Я сел. Эдик, бледный от восторга, показал мне большой палец. Говорун стоял на коленях и, казалось, горячо молился. Что касается Тройки, то, пораженная моим красноречием, она безмолвствовала. Фарфуркис глядел на меня с радостным изумлением. Видно было, что он считает мою идею гениальной и сейчас лихорадочно обдумывает возможные пути захвата командных высот в этом новом, неслыханном мероприятии. Уже виделось ему, как он составляет обширную, детальнейшую инструкцию, уже носились перед его мысленным взором бесчисленные главы, параграфы и приложения, уже в воображении своем он консультировал Говоруна, организовывал курсы русского языка для особо одаренных клопов, назначался главой Государственного комитета пропаганды вегетарианства среди кровососущих, расширяющаяся деятельность которого охватит также комаров и мошку, мокреца, слепней, оводов и муху-зубатку.
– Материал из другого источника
lemma chernoff_two_sided_weight_ge_one:
  fixes \<theta> d x :: real
  assumes "0 \<le> \<theta>" "d \<le> \<bar>x\<bar>"
  shows "1 \<le> exp (\<theta> * (x - d)) + exp (\<theta> * (- x - d))"
proof -
  have "0 \<le> x - d \<or> 0 \<le> - x - d"
    using assms(2) by linarith
  then have "1 \<le> exp (\<theta> * (x - d)) \<or> 1 \<le> exp (\<theta> * (- x - d))"
    using assms(1) by auto
  moreover have "0 < exp (\<theta> * (x - d))" "0 < exp (\<theta> * (- x - d))"
    by simp_all
  ultimately show ?thesis
    by linarith
qed

text \<open>Chernoff bound: the indicator of \<open>|k - l| \<ge> \<epsilon> l\<close> is dominated by
  \<open>exp(\<theta>(k - l - \<epsilon> l)) + exp(\<theta>(l - k - \<epsilon> l))\<close> with \<open>\<theta> = \<epsilon>/2\<close>, whose Poisson means are explicit.\<close>

lemma poisson_deviation_prob_le:
  fixes M :: "'w measure" and Z :: "'w \<Rightarrow> real" and l \<epsilon> :: real
  assumes "prob_space M" and Z_meas: "Z \<in> borel_measurable M"
    and Z_nat: "\<forall>\<omega>\<in>space M. Z \<omega> \<in> \<nat>"
    and Z_distr: "\<forall>k::nat. measure M {\<omega>\<in>space M. Z \<omega> = real k} = pmf (poisson_pmf l) k"
    and l: "0 < l" and \<epsilon>: "0 < \<epsilon>" "\<epsilon> \<le> 1"
  shows "measure M {\<omega>\<in>space M. \<epsilon> * l \<le> \<bar>Z \<omega> - l\<bar>} \<le> 2 * exp (- l * \<epsilon>\<^sup>2 / 4)"
proof -
  interpret prob_space M by fact
  define A where "A k = {\<omega>\<in>space M. Z \<omega> = real k \<and> \<epsilon> * l \<le> \<bar>real k - l\<bar>}" for k :: nat
  have "(\<Union>k. A k) = {\<omega>\<in>space M. \<epsilon> * l \<le> \<bar>Z \<omega> - l\<bar>}"
    using Z_nat by (auto simp: A_def elim!: Nats_cases)
  moreover have "range A \<subseteq> sets M" "disjoint_family A"
    using Z_meas by (auto simp: A_def disjoint_family_on_def)
  ultimately have A_sums: "(\<lambda>k. measure M (A k)) sums measure M {\<omega>\<in>space M. \<epsilon> * l \<le> \<bar>Z \<omega> - l\<bar>}"
    using finite_measure_UNION by metis
  define \<theta> where "\<theta> = \<epsilon> / 2"
  have \<theta>: "0 < \<theta>" "\<theta> \<le> 1"
    using \<epsilon> by (auto simp: \<theta>_def)
  define g where "g k = exp (- \<theta> * (1 + \<epsilon>) * l) * (exp (\<theta> * real k) * pmf (poisson_pmf l) k)
       + exp (\<theta> * (1 - \<epsilon>) * l) * (exp ((-\<theta>) * real k) * pmf (poisson_pmf l) k)" for k
  have g_sums: "g sums (exp (- \<theta> * (1 + \<epsilon>) * l + l * (exp \<theta> - 1))
      + exp (\<theta> * (1 - \<epsilon>) * l + l * (exp (-\<theta>) - 1)))"
    unfolding g_def exp_add by (intro sums_add sums_mult poisson_exp_moment_sums l)
  have "measure M (A k) \<le> g k" for k
  proof (cases "\<epsilon> * l \<le> \<bar>real k - l\<bar>")
    case True
    have "1 \<le> exp (\<theta> * ((real k - l) - \<epsilon> * l)) + exp (\<theta> * (- (real k - l) - \<epsilon> * l))"
      using True \<theta> by (intro chernoff_two_sided_weight_ge_one) auto
    then have "pmf (poisson_pmf l) k \<le> g k"
      unfolding g_def using mult_right_mono[OF _ pmf_nonneg]
      by (fastforce simp: algebra_simps simp flip: exp_add)
    then show ?thesis
      using Z_distr True by (simp add: A_def)
  next
    case False
    then show ?thesis
      by (simp add: A_def g_def)
  qed
  then have "measure M {\<omega>\<in>space M. \<epsilon> * l \<le> \<bar>Z \<omega> - l\<bar>}
      \<le> exp (- \<theta> * (1 + \<epsilon>) * l + l * (exp \<theta> - 1)) + exp (\<theta> * (1 - \<epsilon>) * l + l * (exp (-\<theta>) - 1))"
    using sums_le[OF _ A_sums g_sums] by blast
  also have "\<dots> \<le> exp (- l * \<epsilon>\<^sup>2 / 4) + exp (- l * \<epsilon>\<^sup>2 / 4)"
  proof (intro add_mono exp_mono)
    have "l * (exp \<theta> - 1) \<le> l * (\<theta> + \<theta>\<^sup>2)"
      using exp_bound[of \<theta>] \<theta> l by (intro mult_left_mono) auto
    then show "- \<theta> * (1 + \<epsilon>) * l + l * (exp \<theta> - 1) \<le> - l * \<epsilon>\<^sup>2 / 4"
      by (simp add: \<theta>_def power2_eq_square field_simps)
    have "l * (exp (-\<theta>) - 1) \<le> l * (- \<theta> + \<theta>\<^sup>2)"
      using exp_neg_le_quadratic[of \<theta>] \<theta> l by (intro mult_left_mono) auto
    then show "\<theta> * (1 - \<epsilon>) * l + l * (exp (-\<theta>) - 1) \<le> - l * \<epsilon>\<^sup>2 / 4"
      by (simp add: \<theta>_def power2_eq_square field_simps)
  qed
  finally show ?thesis
    by simp
qed
lemma fluxF_consistent:
  assumes "\<Gamma> > 1" "\<rho> > 0" "p > 0" "\<bar>u\<bar> < 1"
  shows "fluxF1 \<rho> u p \<rho> u p = \<rho> * lorentzW u * u"
    and "fluxF2 \<Gamma> \<rho> u p \<rho> u p = \<rho> * enthalpy \<Gamma> \<rho> p * (lorentzW u)\<^sup>2 * u\<^sup>2 + p"
    and "fluxF3 \<Gamma> \<rho> u p \<rho> u p = \<rho> * enthalpy \<Gamma> \<rho> p * (lorentzW u)\<^sup>2 * u"
proof -
  define W \<alpha> where "W = lorentzW u" and "\<alpha> = fluxAlpha \<Gamma> \<rho> u p \<rho> u p"
  have W: "W > 0" "W\<^sup>2 * (1 - u\<^sup>2) = 1"
    using lorentzW_pos[OF assms(4)] lorentzW_square[OF assms(4)] by (simp_all add: W_def)
  have F1: "fluxF1 \<rho> u p \<rho> u p = \<rho> * u * W"
    by (simp add: fluxF1_def lnmean_def amean_def W_def)
  then show "fluxF1 \<rho> u p \<rho> u p = \<rho> * lorentzW u * u"
    by (simp add: W_def)
  have Q: "fluxQ \<rho> u p \<rho> u p = \<rho> / p * W\<^sup>2"
    using fluxQ_eq[OF assms(4,4), of \<rho> p \<rho> p] by (simp add: amean_def W_def power2_eq_square)
  have L: "lorentz_mean u u = u * W ^ 3"
    using lorentz_mean_diag[OF assms(4)] by (simp add: W_def)
  have rho_enthalpy: "\<rho> * enthalpy \<Gamma> \<rho> p = \<alpha> * \<rho> + p"
    using assms(1,2) by (simp add: \<alpha>_def fluxAlpha_def lnmean_def enthalpy_def field_simps)
  have "W ^ 3 = W * (W\<^sup>2 * (1 - u\<^sup>2)) + u * (u * W ^ 3)"
    by (simp add: algebra_simps power2_eq_square power3_eq_cube)
  then have W3: "W + u * (u * W ^ 3) = W ^ 3"
    unfolding W(2) by simp
  have "fluxF2 \<Gamma> \<rho> u p \<rho> u p
      = (\<alpha> * (\<rho> / p) * (u * W ^ 3) * (\<rho> * u * W) + \<rho> * W * (W + u * (u * W ^ 3))) / (\<rho> / p * W\<^sup>2)"
    by (simp add: fluxF2_def Let_def amean_def F1 Q L flip: \<alpha>_def W_def)
      (simp add: algebra_simps power2_eq_square)
  also have "\<dots> = (\<alpha> * (\<rho> / p) * (u * W ^ 3) * (\<rho> * u * W) + \<rho> * W * W ^ 3) / (\<rho> / p * W\<^sup>2)"
    unfolding W3 ..
  also have "\<dots> = W\<^sup>2 * (\<alpha> * \<rho> * u\<^sup>2 + p)"
    using assms W(1) by (simp add: field_simps power2_eq_square power3_eq_cube)
  also have "\<dots> = \<rho> * enthalpy \<Gamma> \<rho> p * W\<^sup>2 * u\<^sup>2 + p"
    unfolding rho_enthalpy using W(2) by (simp add: algebra_simps) (metis distrib_left mult.right_neutral)
  finally show "fluxF2 \<Gamma> \<rho> u p \<rho> u p = \<rho> * enthalpy \<Gamma> \<rho> p * (lorentzW u)\<^sup>2 * u\<^sup>2 + p"
    by (simp add: W_def)
  have "fluxF3 \<Gamma> \<rho> u p \<rho> u p
      = (\<rho> * (u * W) + \<alpha> * (\<rho> * u * W) * (\<rho> / p)) * (W + u * (u * W ^ 3)) / (\<rho> / p * W\<^sup>2)"
    by (simp add: fluxF3_def Let_def amean_def F1 Q L flip: \<alpha>_def W_def)
      (simp add: algebra_simps add_divide_distrib)
  also have "\<dots> = (\<rho> * (u * W) + \<alpha> * (\<rho> * u * W) * (\<rho> / p)) * W ^ 3 / (\<rho> / p * W\<^sup>2)"
    unfolding W3 ..
  also have "\<dots> = \<rho> * enthalpy \<Gamma> \<rho> p * W\<^sup>2 * u"
    unfolding rho_enthalpy using assms W(1) by (simp add: field_simps power2_eq_square power3_eq_cube)
  finally show "fluxF3 \<Gamma> \<rho> u p \<rho> u p = \<rho> * enthalpy \<Gamma> \<rho> p * (lorentzW u)\<^sup>2 * u"
    by (simp add: W_def)
qed

lemma physflux_eq:
  "physflux \<Gamma> \<rho> u p = (\<rho> * lorentzW u * u,
     \<rho> * enthalpy \<Gamma> \<rho> p * (lorentzW u)\<^sup>2 * u\<^sup>2 + p, \<rho> * enthalpy \<Gamma> \<rho> p * (lorentzW u)\<^sup>2 * u)"
  by (simp add: physflux_def Let_def power2_eq_square algebra_simps)

theorem mainTheorem1:
  fixes \<Gamma> \<rho>L uL pL \<rho>R uR pR :: real
  assumes "\<Gamma> > 1"
    and "\<rho>L > 0" and "\<rho>R > 0" and "pL > 0" and "pR > 0"
    and "\<bar>uL\<bar> < 1" and "\<bar>uR\<bar> < 1"
  shows "fluxQ \<rho>L uL pL \<rho>R uR pR
           = amean (\<rho>L / pL) (\<rho>R / pR) * lorentzW uL * lorentzW uR
    \<and> fluxQ \<rho>L uL pL \<rho>R uR pR > 0
    \<and> (entV1 \<Gamma> \<rho>R uR pR - entV1 \<Gamma> \<rho>L uL pL) * fluxF1 \<rho>L uL pL \<rho>R uR pR
         + (entV2 \<Gamma> \<rho>R uR pR - entV2 \<Gamma> \<rho>L uL pL) * fluxF2 \<Gamma> \<rho>L uL pL \<rho>R uR pR
         + (entV3 \<Gamma> \<rho>R uR pR - entV3 \<Gamma> \<rho>L uL pL) * fluxF3 \<Gamma> \<rho>L uL pL \<rho>R uR pR
         = potential \<rho>R uR pR - potential \<rho>L uL pL
    \<and> ((\<rho>L = \<rho>R \<and> uL = uR \<and> pL = pR) \<longrightarrow>
         (fluxF1 \<rho>L uL pL \<rho>R uR pR, fluxF2 \<Gamma> \<rho>L uL pL \<rho>R uR pR, fluxF3 \<Gamma> \<rho>L uL pL \<rho>R uR pR)
           = (\<rho>L * lorentzW uL * uL,
              \<rho>L * enthalpy \<Gamma> \<rho>L pL * (lorentzW uL)\<^sup>2 * uL\<^sup>2 + pL,
              \<rho>L * enthalpy \<Gamma> \<rho>L pL * (lorentzW uL)\<^sup>2 * uL)
         \<and> (fluxF1 \<rho>L uL pL \<rho>R uR pR, fluxF2 \<Gamma> \<rho>L uL pL \<rho>R uR pR, fluxF3 \<Gamma> \<rho>L uL pL \<rho>R uR pR)
           = physflux \<Gamma> \<rho>L uL pL)"
  using assms fluxQ_pos[OF assms(2-7)]
  by (auto simp: fluxQ_eq fluxF_entropy_conservative fluxF_consistent physflux_eq)

end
— Травяные клопы тоже, я вам скажу, не сахар... — проворчал консервативный Хлебовводов. Он уже сдался, но не хотел признаться в этом.

Я выразительно пожал плечами.

— Товарищ Хлебовводов мыслит узкоместными категориями, — возразил Фарфуркис, сразу вырываясь на полкорпуса вперед.

— Ничего не узкоместными, — возразил Хлебовводов. — Очень даже широкими... этими...как их... Воняют же! Но я понимаю, что это можно подработать в процессе Я к тому, что можно ли на этого по ложиться... на стрикулиста... Несерьезный он какой-то... и заслуг за ним никаких не видно...

— Есть предложение. — сказал Эдик. — Может быть, создать подкомиссию для изучения этого вопроса во главе с товарищем Фарфуркисом. Рабочим заместителем товарища Фарфуркиса я бы предложил Привалова, человека незаинтересованного и объективного.

Тут Лавр Федотович вдруг поднялся. Простым глазом было видно, что он здорово сдал после вчерашнего. Обыкновенная человеческая слабость светилась сквозь обычно каменные черты его. Да. гранит дал трещину, бастион несколько покосился, но все-таки, несмотря ни на что, стоял могучий и непреклонный.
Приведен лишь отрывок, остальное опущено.